PROBLEM TO SOLVE | Set out the listing word for word. End with the line that contains "s ?Vr (classF".
===== DATA FOR REVIEW =====
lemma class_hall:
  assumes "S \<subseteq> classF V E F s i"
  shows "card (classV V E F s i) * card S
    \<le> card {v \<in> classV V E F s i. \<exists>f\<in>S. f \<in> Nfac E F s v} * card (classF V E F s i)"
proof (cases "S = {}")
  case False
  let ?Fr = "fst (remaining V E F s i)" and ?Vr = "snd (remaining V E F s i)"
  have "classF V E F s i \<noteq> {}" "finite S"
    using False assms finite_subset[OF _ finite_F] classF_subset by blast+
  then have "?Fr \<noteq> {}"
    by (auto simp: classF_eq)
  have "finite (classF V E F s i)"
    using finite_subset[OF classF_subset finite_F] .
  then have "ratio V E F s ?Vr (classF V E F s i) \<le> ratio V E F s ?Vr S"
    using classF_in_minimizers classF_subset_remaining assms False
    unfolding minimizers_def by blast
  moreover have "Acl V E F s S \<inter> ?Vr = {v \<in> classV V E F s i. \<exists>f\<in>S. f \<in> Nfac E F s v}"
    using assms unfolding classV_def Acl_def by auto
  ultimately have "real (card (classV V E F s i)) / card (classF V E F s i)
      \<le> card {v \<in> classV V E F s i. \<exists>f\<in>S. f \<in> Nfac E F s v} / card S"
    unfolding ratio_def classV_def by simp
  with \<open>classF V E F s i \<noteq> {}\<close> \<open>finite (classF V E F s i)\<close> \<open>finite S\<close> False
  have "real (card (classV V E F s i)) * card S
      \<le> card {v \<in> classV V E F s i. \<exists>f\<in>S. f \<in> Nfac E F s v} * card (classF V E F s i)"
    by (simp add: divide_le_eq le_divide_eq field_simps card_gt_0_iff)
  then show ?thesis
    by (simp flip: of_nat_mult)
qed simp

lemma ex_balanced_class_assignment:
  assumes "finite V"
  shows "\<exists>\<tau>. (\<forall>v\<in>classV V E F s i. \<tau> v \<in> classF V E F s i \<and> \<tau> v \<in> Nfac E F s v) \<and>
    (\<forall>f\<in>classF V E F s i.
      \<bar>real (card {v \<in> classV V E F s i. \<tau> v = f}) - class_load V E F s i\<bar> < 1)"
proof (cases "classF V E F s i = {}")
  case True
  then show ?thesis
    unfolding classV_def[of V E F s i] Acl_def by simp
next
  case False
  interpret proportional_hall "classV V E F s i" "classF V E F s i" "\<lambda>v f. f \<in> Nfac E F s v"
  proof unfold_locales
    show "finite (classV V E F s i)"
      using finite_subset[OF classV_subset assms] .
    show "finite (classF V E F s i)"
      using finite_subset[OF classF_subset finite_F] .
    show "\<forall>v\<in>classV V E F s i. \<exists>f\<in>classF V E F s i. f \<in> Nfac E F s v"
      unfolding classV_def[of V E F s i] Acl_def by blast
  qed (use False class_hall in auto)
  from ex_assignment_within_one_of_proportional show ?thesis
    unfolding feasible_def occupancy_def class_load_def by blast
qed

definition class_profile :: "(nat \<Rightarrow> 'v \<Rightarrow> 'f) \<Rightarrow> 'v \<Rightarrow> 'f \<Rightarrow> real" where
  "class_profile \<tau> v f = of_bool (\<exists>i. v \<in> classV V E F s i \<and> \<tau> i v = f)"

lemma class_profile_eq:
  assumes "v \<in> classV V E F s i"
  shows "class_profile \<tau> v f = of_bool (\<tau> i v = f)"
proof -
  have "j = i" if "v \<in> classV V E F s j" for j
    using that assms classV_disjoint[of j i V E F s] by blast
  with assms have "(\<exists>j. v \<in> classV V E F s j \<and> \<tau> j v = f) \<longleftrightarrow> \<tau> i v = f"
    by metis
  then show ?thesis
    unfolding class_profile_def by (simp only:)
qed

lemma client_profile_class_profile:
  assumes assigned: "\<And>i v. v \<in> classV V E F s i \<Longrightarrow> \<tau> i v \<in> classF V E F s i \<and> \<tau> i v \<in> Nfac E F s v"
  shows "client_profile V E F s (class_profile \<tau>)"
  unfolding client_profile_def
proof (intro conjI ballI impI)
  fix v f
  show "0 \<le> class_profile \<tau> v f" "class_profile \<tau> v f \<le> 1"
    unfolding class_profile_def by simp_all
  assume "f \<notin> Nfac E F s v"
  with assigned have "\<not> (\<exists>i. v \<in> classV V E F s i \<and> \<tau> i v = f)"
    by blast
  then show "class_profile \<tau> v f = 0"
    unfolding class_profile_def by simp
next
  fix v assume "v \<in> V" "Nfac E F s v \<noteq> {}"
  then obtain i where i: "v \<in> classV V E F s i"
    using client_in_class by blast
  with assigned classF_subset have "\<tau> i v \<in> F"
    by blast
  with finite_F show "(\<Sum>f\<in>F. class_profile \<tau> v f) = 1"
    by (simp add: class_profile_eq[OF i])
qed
=====
TASK RESPONSE |
lemma class_hall:
  assumes "S \<subseteq> classF V E F s i"
  shows "card (classV V E F s i) * card S
    \<le> card {v \<in> classV V E F s i. \<exists>f\<in>S. f \<in> Nfac E F s v} * card (classF V E F s i)"
proof (cases "S = {}")
  case False
  let ?Fr = "fst (remaining V E F s i)" and ?Vr = "snd (remaining V E F s i)"
  have "classF V E F s i \<noteq> {}" "finite S"
    using False assms finite_subset[OF _ finite_F] classF_subset by blast+
  then have "?Fr \<noteq> {}"
    by (auto simp: classF_eq)
  have "finite (classF V E F s i)"
    using finite_subset[OF classF_subset finite_F] .
  then have "ratio V E F s ?Vr (classF V E F s i) \<le> ratio V E F s ?Vr S"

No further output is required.